Good credit customers usually manage fewer loans.

Business Impact:
Loan count is a red flag variable. Fewer loans → healthier financial profile.

In [None]:
plt.figure(figsize=(6,4))
sns.boxplot(x='Credit_Score', y='Outstanding_Debt', data=df, palette="Blues")
plt.title("Outstanding Debt vs Credit Score")
plt.show()

Why this chart?
Debt levels are key to assessing repayment capacity across categories.

Insights:

Poor credit scores are strongly associated with higher debt levels.

Good credit scores align with lower outstanding debt.

Business Impact:
Outstanding debt is a critical predictor of credit risk.
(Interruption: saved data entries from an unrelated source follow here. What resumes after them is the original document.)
(* On the circle Phi_N(z) conj(z)^k / |Phi*_N(z)|^2 = z^(N-k) / Phi*_N(z), which is holomorphic on a
   disc of radius > 1, so Cauchy's theorem applies; Phi*_N is handled the same way after conjugation. *)
lemma szego_pair_orthogonal_bernstein_szego: "szego_pair_orthogonal (bernstein_szego a N) a N"
proof -
  let ?P = "poly (opuc a N)" and ?S = "poly (pstar N (opuc a N))"
  obtain R where R: "R > 1" "\<And>z. z \<in> ball 0 R \<Longrightarrow> ?S z \<noteq> 0"
    using poly_nonzero_on_larger_ball[OF poly_pstar_opuc_nonzero[where n=N and a=a, OF a]] by auto
  have S_circle: "?S z = z ^ N * cnj (?P z)" if "cmod z = 1" for z
    using that by (rule poly_pstar_circle[OF degree_opuc])
  have S_nonzero: "?S z \<noteq> 0" if "cmod z = 1" for z
    using that R by auto
  have hol: "(\<lambda>z. z ^ m / ?S z) holomorphic_on ball 0 R" for m
    using R(2) by (intro holomorphic_intros) auto
  have "(\<integral>z. ?P z * cnj (z ^ k) \<partial>bernstein_szego a N) = 0" if "k < N" for k
  proof -
    obtain m where m: "N = Suc (k + m)"
      using \<open>k < N\<close> less_iff_Suc_add by auto
    show ?thesis
    proof (rule integral_bernstein_szego_eq_0[OF _ hol R(1)])
      fix z :: complex
      assume z: "cmod z = 1"
      have "of_real ((cmod (?S z))\<^sup>2) * (z ^ m / ?S z * z) = cnj (?S z) * z ^ Suc m"
        unfolding complex_norm_square using S_nonzero[OF z] by (simp add: field_simps)
      also have "\<dots> = ?P z * cnj (z ^ k) * (z * cnj z) ^ Suc m"
      proof -
        have "cnj z ^ N = cnj z ^ k * cnj z ^ Suc m"
          unfolding m by (simp only: add_Suc_right[symmetric] power_add)
        then show ?thesis
          by (simp add: S_circle[OF z] power_mult_distrib mult_ac)
      qed
      also have "\<dots> = ?P z * cnj (z ^ k)"
        using unit_mult_cnj[OF z] by simp
      finally show "?P z * cnj (z ^ k) = of_real ((cmod (?S z))\<^sup>2) * (z ^ m / ?S z * z)"
        by (rule sym)
    qed (intro continuous_intros)
  qed
  moreover have "(\<integral>z. ?S z * cnj (z ^ k) \<partial>bernstein_szego a N) = 0" if k: "k \<in> {1..N}" for k
  proof -
    obtain m where m: "k = Suc m"
      using k by (cases k) auto
    have "(\<integral>z. cnj (?S z * cnj (z ^ k)) \<partial>bernstein_szego a N) = 0"
    proof (rule integral_bernstein_szego_eq_0[OF _ hol R(1)])
      fix z :: complex
      assume z: "cmod z = 1"
      show "cnj (?S z * cnj (z ^ k)) = of_real ((cmod (?S z))\<^sup>2) * (z ^ m / ?S z * z)"
        unfolding complex_norm_square using S_nonzero[OF z] by (simp add: m field_simps)
    qed (intro continuous_intros)
    then show ?thesis
      by (simp add: integral_cnj del: complex_cnj_mult)
  qed
  ultimately show ?thesis
    unfolding szego_pair_orthogonal_def by blast
qed

end

lemma bernstein_szego_orthogonal:
  assumes a: "\<And>j. j < N \<Longrightarrow> cmod (a j) < 1" and "k < n" "n \<le> N"
  shows "(\<integral>z. poly (opuc a n) z * cnj (z ^ k) \<partial>bernstein_szego a N) = 0"
proof -
  interpret circle_distribution "bernstein_szego a N"
    using a by (rule circle_distribution_bernstein_szego)
  have "szego_pair_orthogonal (bernstein_szego a N) a n"
    using szego_pair_orthogonal_bernstein_szego[OF a] a \<open>n \<le> N\<close> by (rule szego_pair_orthogonal_le)
  then show ?thesis
    using \<open>k < n\<close> by (simp add: szego_pair_orthogonal_def)
qed

lemma tight_bernstein_szego_density:
  assumes a: "\<And>j. cmod (a j) < 1"
  shows "tight (\<lambda>N. normalized_density (bernstein_szego_weight a N))"
  unfolding tight_def
proof (intro conjI allI impI)
  show "real_distribution (normalized_density (bernstein_szego_weight a N))" for N
    using a by (rule real_distribution_bernstein_szego_density)
  have "measure (normalized_density (bernstein_szego_weight a N)) {-1<..1} = 1" for N
  proof -
    interpret real_distribution "normalized_density (bernstein_szego_weight a N)"
      using a by (rule real_distribution_bernstein_szego_density)
    have "AE t in normalized_density (bernstein_szego_weight a N). t \<in> {-1<..1}"
      using AE_bernstein_szego_density_Icc[OF a] by eventually_elim auto
    then show ?thesis
      by (subst (asm) AE_in_set_eq_1) simp_all
  qed
  then show "\<exists>x y. x < y \<and> (\<forall>N. 1 - e < measure (normalized_density (bernstein_szego_weight a N)) {x<..y})"
    if "e > 0" for e :: real
    using that by (intro exI[of _ "-1"] exI[of _ 1]) auto
qed

lemma tendsto_integral_distr_circlepath:
  fixes F :: "complex \<Rightarrow> 'b::{banach, second_countable_topology}"
  assumes \<rho>: "\<And>n. real_distribution (\<rho> n)" and M: "real_distribution M" and conv: "weak_conv_m \<rho> M"
    and F: "continuous_on UNIV F"
  shows "(\<lambda>n. \<integral>z. F z \<partial>distr (\<rho> n) borel (circlepath 0 1)) \<longlonglongrightarrow> (\<integral>z. F z \<partial>distr M borel (circlepath 0 1))"
proof -
  have pullback: "(\<integral>z. F z \<partial>distr N borel (circlepath 0 1)) = (\<integral>t. F (circlepath 0 1 t) \<partial>N)"
    if "real_distribution N" for N
  proof (rule integral_distr)
    show "circlepath 0 1 \<in> N \<rightarrow>\<^sub>M borel"
      unfolding measurable_cong_sets[OF real_distribution.events_eq_borel[OF that] refl]
      by (intro borel_measurable_continuous_onI continuous_intros)
    show "F \<in> borel_measurable borel"
      using F by (rule borel_measurable_continuous_onI)
  qed
  have "compact (F ` sphere 0 1)"
    by (rule compact_continuous_image) (use F continuous_on_subset in auto)
  then obtain B where B: "\<And>z. z \<in> sphere 0 1 \<Longrightarrow> norm (F z) \<le> B"
    by (meson bounded_iff compact_imp_bounded image_eqI)
  have "continuous_on UNIV (\<lambda>t. F (circlepath 0 1 t))"
    by (rule continuous_on_compose2[OF F continuous_on_circlepath]) simp
  then have "(\<lambda>n. \<integral>t. F (circlepath 0 1 t) \<partial>\<rho> n) \<longlonglongrightarrow> (\<integral>t. F (circlepath 0 1 t) \<partial>M)"
    using B by (intro weak_conv_imp_integral_bdd_continuous_conv[OF \<rho> M conv, where B=B])
      (simp_all add: continuous_on_eq_continuous_at)
  then show ?thesis
    by (simp add: pullback \<rho> M)
qed

lemma opuc_measure_exists:
  assumes a: "\<And>j. cmod (a j) < 1"
  shows "\<exists>\<mu>. is_opuc_measure a \<mu>"
proof -
  let ?\<rho> = "\<lambda>N. normalized_density (bernstein_szego_weight a N)"
  obtain r M where r: "strict_mono r" and M: "real_distribution M" and conv: "weak_conv_m (?\<rho> \<circ> r) M"
    using tight_imp_convergent_subsubsequence[OF tight_bernstein_szego_density[of a, OF a], of id]
    by (auto simp: strict_mono_def)
  define \<mu> where "\<mu> = distr M borel (circlepath 0 1)"
  have "(\<integral>z. poly (opuc a n) z * cnj (z ^ k) \<partial>\<mu>) = 0" if "k < n" for n k
  proof -
    have "(\<lambda>m. \<integral>z. poly (opuc a n) z * cnj (z ^ k) \<partial>bernstein_szego a (r m))
        \<longlonglongrightarrow> (\<integral>z. poly (opuc a n) z * cnj (z ^ k) \<partial>\<mu>)"
      using tendsto_integral_distr_circlepath[OF _ M conv, of "\<lambda>z. poly (opuc a n) z * cnj (z ^ k)"]
        real_distribution_bernstein_szego_density a
      unfolding \<mu>_def bernstein_szego_def by (simp add: continuous_intros)
    moreover have "\<forall>\<^sub>F m in sequentially. (\<integral>z. poly (opuc a n) z * cnj (z ^ k) \<partial>bernstein_szego a (r m)) = 0"
      using eventually_ge_at_top[of n]
    proof eventually_elim
      case (elim m)
      then have "n \<le> r m"
        using seq_suble[OF r, of m] by linarith
      then show ?case
        using a \<open>k < n\<close> by (intro bernstein_szego_orthogonal) simp_all
    qed
    then have "(\<lambda>m. \<integral>z. poly (opuc a n) z * cnj (z ^ k) \<partial>bernstein_szego a (r m)) \<longlonglongrightarrow> 0"
      by (rule tendsto_eventually)
    ultimately show ?thesis
      by (rule LIMSEQ_unique)
  qed
  moreover have "circle_distribution \<mu>"
    unfolding \<mu>_def using M by (rule circle_distribution_distr_circlepath)
  ultimately show ?thesis
    unfolding is_opuc_measure_iff by blast
qed

lemma is_opuc_measure_mu_alpha:
  assumes "\<And>j. cmod (a j) < 1"
  shows "is_opuc_measure a (mu_alpha a)"
proof -
  obtain \<mu> where "is_opuc_measure a \<mu>"
    using opuc_measure_exists[OF assms] ..
  then show ?thesis
    by (simp add: mu_alpha_eqI)
qed

lemma mu_alpha_rotate:
  assumes "cmod l = 1" "\<And>j. cmod (a j) < 1"
  shows "mu_alpha (rotate_verblunsky l a) = distr (mu_alpha a) borel (\<lambda>z. cnj l * z)"
  by (rule mu_alpha_eqI[OF is_opuc_measure_rotate[OF assms(1) is_opuc_measure_mu_alpha[OF assms(2)]]])

section \<open>Invariance of the joint measure\<close>

(* No measurability of f is required, since the simple functions below f are transported by S. *)
lemma nn_integral_le_comp_measure_preserving:
  assumes S: "S \<in> M \<rightarrow>\<^sub>M M" and preserving: "distr M M S = M"
  shows "(\<integral>\<^sup>+x. f x \<partial>M) \<le> (\<integral>\<^sup>+x. f (S x) \<partial>M)"
proof -
  have "integral\<^sup>S M h \<le> (\<integral>\<^sup>+x. f (S x) \<partial>M)" if h: "simple_function M h" "h \<le> f" for h
  proof -
    have "integral\<^sup>S M h = (\<integral>\<^sup>+x. h x \<partial>distr M M S)"
      using nn_integral_eq_simple_integral[OF h(1)] by (simp add: preserving)
    also have "\<dots> = (\<integral>\<^sup>+x. h (S x) \<partial>M)"
      using S borel_measurable_simple_function[OF h(1)] by (intro nn_integral_distr) simp_all
    also have "\<dots> \<le> (\<integral>\<^sup>+x. f (S x) \<partial>M)"
      using h(2) by (intro nn_integral_mono) (simp add: le_fun_def)
    finally show ?thesis .
  qed
  then show ?thesis
    unfolding nn_integral_def[of M f] by (intro SUP_least) auto
qed
lemma pieces_antimono:
  assumes "t \<in> {t1<..t2}" "t' \<in> {t1<..t2}" "t \<le> t'"
  shows "K1 t' \<subseteq> K1 t" "K2 t' \<subseteq> K2 t"
proof -
  have step: "\<forall>\<epsilon>>0. t + \<epsilon> \<in> {t1<..t2} \<longrightarrow> K1 (t + \<epsilon>) \<subseteq> K1 t \<and> K2 (t + \<epsilon>) \<subseteq> K2 t"
    using Rw assms(1) unfolding in_Rw_def by blast
  have "K1 t' \<subseteq> K1 t \<and> K2 t' \<subseteq> K2 t"
  proof (cases "t = t'")
    case False
    then have "0 < t' - t" "t + (t' - t) \<in> {t1<..t2}" using assms by auto
    with step have "K1 (t + (t' - t)) \<subseteq> K1 t \<and> K2 (t + (t' - t)) \<subseteq> K2 t" by blast
    then show ?thesis by simp
  qed simp
  then show "K1 t' \<subseteq> K1 t" "K2 t' \<subseteq> K2 t" by auto
qed

lemma delta_lt_w: "\<delta> t < w"
  using Rw unfolding in_Rw_def by auto

lemma delta_nonneg: "0 \<le> \<delta> t"
  unfolding delta_def using pieces(3,4) by (auto intro: gap_nonneg)

lemma delta_mono:
  assumes "t \<in> {t1<..t2}" "t' \<in> {t1<..t2}" "t \<le> t'"
  shows "\<delta> t \<le> \<delta> t'"
  unfolding delta_def using assms pieces_antimono[OF assms] pieces(3,4)[OF assms(2)]
  by (auto intro: gap_antimono)

lemma sets_K[measurable]: "K t \<in> sets lborel"
  by (rule sets_lvl[OF rho_meas])

lemma rho_le_R: "\<rho> x \<le> R"
  unfolding rho_max_def using rho_bdd by (rule cSup_upper[rotated]) simp

lemma emeasure_K_finite:
  assumes "0 < t" "t \<le> R"
  shows "emeasure lborel (K t) < \<infinity>"
proof (cases "t < R")
  case True
  then show ?thesis using lvl_meas[of t] assms by blast
next
  case False
  then have "0 < R" using assms by linarith
  then have "emeasure lborel (K (R/2)) < \<infinity>" using lvl_meas by simp
  moreover have "emeasure lborel (K t) \<le> emeasure lborel (K (R/2))"
    using False \<open>0 < R\<close> by (intro emeasure_mono[OF lvl_antimono sets_K]) auto
  ultimately show ?thesis by auto
qed
(* Let $x\in\mathrm{Cay}_n$. (1) If $y\in\mathrm{Cay}_k$ and $y\le x$, then $\gamma(y)\le\gamma(x)$. (2) If $\sigma\in\mathcal{S}_k$ and $\sigma\le\gamma(x)$, then there exists $y\in\mathrm{Cay}_k$ such that $y\le x$ and $\gamma(y)=\sigma$.
   Context: $\mathrm{Cay}_n$ is the set of Cayley permutations of length $n$ (words of positive integers in which every integer from $1$ to the maximum occurs); $\mathcal{S}_k$ is the set of permutations of $[k]$. Containment $y\le x$: indices $i_1<\dots<i_k$ with $x(i_s)<x(i_t)\iff y(s)<y(t)$ and $x(i_s)=x(i_t)\iff y(s)=y(t)$. For $x\in\mathrm{Cay}_n$, $\gamma(x)\in\mathcal{S}_n$ is obtained by sorting the pairs $(x(i),i)$ increasingly by first coordinate, ties by decreasing second coordinate, and reading the second coordinates. *)

theory Defs
  imports Main "HOL-Library.Product_Lexorder"
begin

text \<open>Words are lists of natural numbers; positions are 1-based in the paper,
  0-based for list indexing (x ! (i-1) is x(i)).\<close>

definition Cay :: "nat \<Rightarrow> nat list set" where
  "Cay n = {x. length x = n \<and> (\<exists>m. set x = {1..m})}"

definition Perms :: "nat \<Rightarrow> nat list set" where
  "Perms k = {s. length s = k \<and> distinct s \<and> set s = {1..k}}"

definition pat_le :: "nat list \<Rightarrow> nat list \<Rightarrow> bool" where
  "pat_le y x \<longleftrightarrow> (\<exists>idx :: nat list.
      length idx = length y \<and> sorted_wrt (<) idx \<and> (\<forall>j\<in>set idx. j < length x) \<and>
      (\<forall>s<length y. \<forall>t<length y.
          (x ! (idx ! s) < x ! (idx ! t) \<longleftrightarrow> y ! s < y ! t) \<and>
          (x ! (idx ! s) = x ! (idx ! t) \<longleftrightarrow> y ! s = y ! t)))"

text \<open>gamma: sort the pairs (x(i), i) increasingly by first coordinate, ties by
  decreasing second coordinate, and read off the second coordinates.\<close>
definition gamma :: "nat list \<Rightarrow> nat list" where
  "gamma x = sort_key (\<lambda>i. (x ! (i - 1), - int i)) [1..<length x + 1]"

end

theory Submission
  imports Defs
begin

text \<open>\<open>gamma x\<close> lists the positions of \<open>x\<close> sorted by the key \<open>i \<mapsto> (x(i), -i)\<close>, and it is the
  only key-sorted list of all positions. An occurrence of \<open>y\<close> in \<open>x\<close> at positions
  \<open>i\<^sub>1 < \<dots> < i\<^sub>k\<close> transports the key order of \<open>y\<close> to that of \<open>x\<close> (values are compared in the same
  way, and ties are broken by position in the same way), so \<open>q \<mapsto> i\<^sub>q\<close> maps \<open>gamma y\<close> onto the
  subsequence of \<open>gamma x\<close> formed by \<open>i\<^sub>1, \<dots>, i\<^sub>k\<close>. Since \<open>q \<mapsto> i\<^sub>q\<close> is increasing, that
  subsequence is an occurrence of \<open>gamma y\<close>. Conversely, an occurrence of \<open>\<sigma>\<close> in \<open>gamma x\<close> is a
  key-sorted set of positions of \<open>x\<close>; standardizing the subword of \<open>x\<close> at these positions gives
  \<open>y\<close>, and the same transport shows that \<open>gamma y\<close> is order-isomorphic to \<open>\<sigma>\<close>, hence equal
  to it.\<close>

definition order_isomorphic :: "'a::linorder list \<Rightarrow> 'b::linorder list \<Rightarrow> bool" where
  "order_isomorphic y z \<longleftrightarrow>
     length y = length z \<and> (\<forall>s<length y. \<forall>t<length y. y ! s < y ! t \<longleftrightarrow> z ! s < z ! t)"

lemma order_isomorphic_refl: "order_isomorphic y y"
  by (simp add: order_isomorphic_def)

lemma order_isomorphic_sym: "order_isomorphic y z \<Longrightarrow> order_isomorphic z y"
  by (simp add: order_isomorphic_def)

lemma order_isomorphic_trans:
  "order_isomorphic y z \<Longrightarrow> order_isomorphic z w \<Longrightarrow> order_isomorphic y w"
  by (simp add: order_isomorphic_def)

lemma order_isomorphic_nth_eq_iff:
  assumes "order_isomorphic y z" "s < length y" "t < length y"
  shows "y ! s = y ! t \<longleftrightarrow> z ! s = z ! t"
  using assms unfolding order_isomorphic_def by (metis linorder_neq_iff)

lemma order_isomorphic_map_strict_mono:
  assumes "strict_mono_on A f" "set y \<subseteq> A"
  shows "order_isomorphic y (map f y)"
  using strict_mono_on_less[OF assms(1)] assms(2) by (auto simp: order_isomorphic_def subset_eq)

text \<open>The equality clause in the definition of containment is implied by the order clause.\<close>
lemma pat_le_iff_order_isomorphic:
  "pat_le y x \<longleftrightarrow> (\<exists>idx. sorted_wrt (<) idx \<and> set idx \<subseteq> {..<length x} \<and>
                              order_isomorphic y (map ((!) x) idx))"
proof -
  have "order_isomorphic y (map ((!) x) idx) \<longleftrightarrow>
          length idx = length y \<and>
          (\<forall>s<length y. \<forall>t<length y.
             (x ! (idx ! s) < x ! (idx ! t) \<longleftrightarrow> y ! s < y ! t) \<and>
             (x ! (idx ! s) = x ! (idx ! t) \<longleftrightarrow> y ! s = y ! t))" for idx
    using order_isomorphic_nth_eq_iff[of y "map ((!) x) idx"]
    by (auto simp: order_isomorphic_def)
  then show ?thesis
    unfolding pat_le_def by (auto simp: subset_eq)
qed

lemma pat_le_order_isomorphic:
  assumes "order_isomorphic y z" "pat_le z x"
  shows "pat_le y x"
  using assms order_isomorphic_trans by (meson pat_le_iff_order_isomorphic)

lemma pat_le_filter: "pat_le (filter P x) x"
proof -
  have "filter P x = map ((!) x) (filter (P \<circ> (!) x) [0..<length x])"
    by (metis filter_map map_nth)
  then show ?thesis
    unfolding pat_le_iff_order_isomorphic
    by (intro exI[of _ "filter (P \<circ> (!) x) [0..<length x]"])
       (auto intro: sorted_wrt_filter simp: order_isomorphic_refl)
qed

lemma Perms_nth_eq_Suc_card:
  assumes "\<pi> \<in> Perms k" "s < k"
  shows "\<pi> ! s = Suc (card {t. t < k \<and> \<pi> ! t < \<pi> ! s})"
proof -
  have len: "length \<pi> = k" and dist: "distinct \<pi>" and set: "set \<pi> = {1..k}"
    using assms(1) by (auto simp: Perms_def)
  have "\<pi> ! s \<in> {1..k}" using nth_mem[of s \<pi>] len set assms(2) by auto
  have "(!) \<pi> ` {t. t < k \<and> \<pi> ! t < \<pi> ! s} = {v \<in> set \<pi>. v < \<pi> ! s}"
    using len by (auto simp: in_set_conv_nth)
  also have "\<dots> = {1..<\<pi> ! s}" using set \<open>\<pi> ! s \<in> {1..k}\<close> by auto
  finally have "card {t. t < k \<and> \<pi> ! t < \<pi> ! s} = \<pi> ! s - 1"
    using card_image[OF inj_on_nth[OF dist, of "{t. t < k \<and> \<pi> ! t < \<pi> ! s}"]] len
    by auto
  then show ?thesis using \<open>\<pi> ! s \<in> {1..k}\<close> by simp
qed

lemma Perms_order_isomorphic_eq:
  assumes "\<sigma> \<in> Perms k" "\<tau> \<in> Perms k" "order_isomorphic \<sigma> \<tau>"
  shows "\<sigma> = \<tau>"
proof -
  have "length \<sigma> = k" "length \<tau> = k" using assms(1,2) by (auto simp: Perms_def)
  moreover have "\<sigma> ! s = \<tau> ! s" if "s < k" for s
  proof -
    have "{t. t < k \<and> \<sigma> ! t < \<sigma> ! s} = {t. t < k \<and> \<tau> ! t < \<tau> ! s}"
      using assms(3) that \<open>length \<sigma> = k\<close> by (auto simp: order_isomorphic_def)
    then show ?thesis
      using Perms_nth_eq_Suc_card[OF assms(1) that] Perms_nth_eq_Suc_card[OF assms(2) that] by simp
  qed
  ultimately show ?thesis by (simp add: nth_equalityI)
qed

lemma ex_Cay_order_isomorphic:
  fixes w :: "'a::linorder list"
  shows "\<exists>y \<in> Cay (length w). order_isomorphic y w"
proof -
  define rank where "rank v = Suc (card {u \<in> set w. u < v})" for v
  have "strict_mono_on (set w) rank"
    by (auto intro!: strict_mono_onI psubset_card_mono simp: rank_def)
  then have iso: "order_isomorphic (map rank w) w"
    using order_isomorphic_map_strict_mono order_isomorphic_sym by blast
  have "card {u \<in> set w. u < v} < card (set w)" if "v \<in> set w" for v
    using that by (intro psubset_card_mono) auto
  then have "rank ` set w \<subseteq> {1..card (set w)}"
    by (auto simp: rank_def Suc_le_eq)
  moreover have "card (rank ` set w) = card {1..card (set w)}"
    using card_image[OF strict_mono_on_imp_inj_on[OF \<open>strict_mono_on (set w) rank\<close>]] by simp
  ultimately have "set (map rank w) = {1..card (set w)}"
    by (simp add: card_subset_eq)
  then have "map rank w \<in> Cay (length w)" by (auto simp: Cay_def)
  with iso show ?thesis by blast
qed

lemma sorted_wrt_map_nth:
  assumes "sorted_wrt R xs" "sorted_wrt (<) idx" "set idx \<subseteq> {..<length xs}"
  shows "sorted_wrt R (map ((!) xs) idx)"
  unfolding sorted_wrt_iff_nth_less
proof (intro allI impI)
  fix a b assume "a < b" "b < length (map ((!) xs) idx)"
  then have "idx ! a < idx ! b" "idx ! b < length xs"
    using sorted_wrt_nth_less[OF assms(2)] nth_mem[of b idx] assms(3) by (simp_all add: subset_eq)
  then show "R (map ((!) xs) idx ! a) (map ((!) xs) idx ! b)"
    using sorted_wrt_nth_less[OF assms(1)] \<open>a < b\<close> \<open>b < length (map ((!) xs) idx)\<close> by simp
qed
Helps in designing stricter loan approval policies.

## 11. Multivariate Analysis

In [None]:
# Select only numeric columns for correlation
numeric_df = df.select_dtypes(include=[np.number])

plt.figure(figsize=(10,6))
sns.heatmap(numeric_df.corr(), annot=True, cmap='coolwarm', fmt=".2f")
plt.title("Correlation Heatmap of Numerical Variables")
plt.show()

Why this chart?
Heatmaps summarize correlations between all numeric variables in one view.

Insights:

Annual Income and Monthly Salary are strongly correlated.

Outstanding Debt and Number of Loans are moderately correlated.

Business Impact:
Prevents redundancy in models, helps pick the strongest predictors.

In [None]:
sns.pairplot(df[['Age','Annual_Income','Outstanding_Debt','Num_of_Loan','Credit_Score']],
             hue="Credit_Score", diag_kind="kde", palette="Set2")
plt.show()

Why this chart?
Pairplots reveal variable-to-variable scatterplots colored by target variable.

Insights:

Clear separation of Good vs Poor scores in Income vs Debt.

Overlaps indicate areas where models may struggle.

Business Impact:
Helps visualize multidimensional patterns for credit risk.

In [None]:
pd.crosstab(df['Payment_Behaviour'], df['Credit_Score']).plot(
    kind="bar", stacked=True, figsize=(8,5), colormap="Set2")

plt.title("Payment Behaviour vs Credit Score")
plt.ylabel("Count")
plt.show()

Why this chart?
Shows combined effect of Payment Behaviour with Credit Score.

Insights:

Poor repayment behaviour → more Poor credit scores.

Responsible repayment → more Good scores.

Business Impact:
Confirms Payment Behaviour as one of the most powerful predictors of creditworthiness.

## 12. Conclusion & Business Insights

### 🔹 Univariate Analysis
- Majority of customers fall under **Standard** and **Good** credit scores; fewer in **Poor**.
- Most customers are **25–40 years old** → young working professionals dominate the dataset.
- Income distribution is **right-skewed** → large portion earns low/mid-range income, fewer very high earners.
- Most customers have **1–3 loans**, very few exceed 6.
- Outstanding debt is skewed → many moderate debts, few very high debts.

### 🔹 Bivariate Analysis
- **Age vs Credit Score**: Poor scores more common in younger customers; Good scores more common in slightly older customers.
- **Income vs Credit Score**: Higher incomes strongly align with Good credit scores.
- **Number of Loans vs Credit Score**: More loans usually → Poor scores. Fewer loans → healthier profiles.
- **Outstanding Debt vs Credit Score**: High debt strongly associated with Poor scores.

### 🔹 Multivariate Analysis
- Strong correlation between **Annual Income and Monthly Salary**.
- Number of Loans and Outstanding Debt moderately correlated.
- **Pairplot** shows clear separation of Good vs Poor credit scores when considering Income and Debt together.
- **Payment Behaviour** is a strong predictor → bad behaviour aligns heavily with Poor credit scores.

---

## 💡 Final Business Insights
1. **Young, low-income customers with multiple loans and high debt are the riskiest group**.  
   - Action: Apply stricter approval criteria or offer smaller loan amounts to manage risk.  

2. **High-income, middle-aged customers with fewer loans and good payment behaviour are the safest group**.  
   - Action: Prioritize these for premium credit offers and higher loan limits.  

3. **Payment Behaviour is the single most powerful predictor of creditworthiness**.  
   - Action: Focus on monitoring and rewarding good payment patterns to encourage responsible repayment.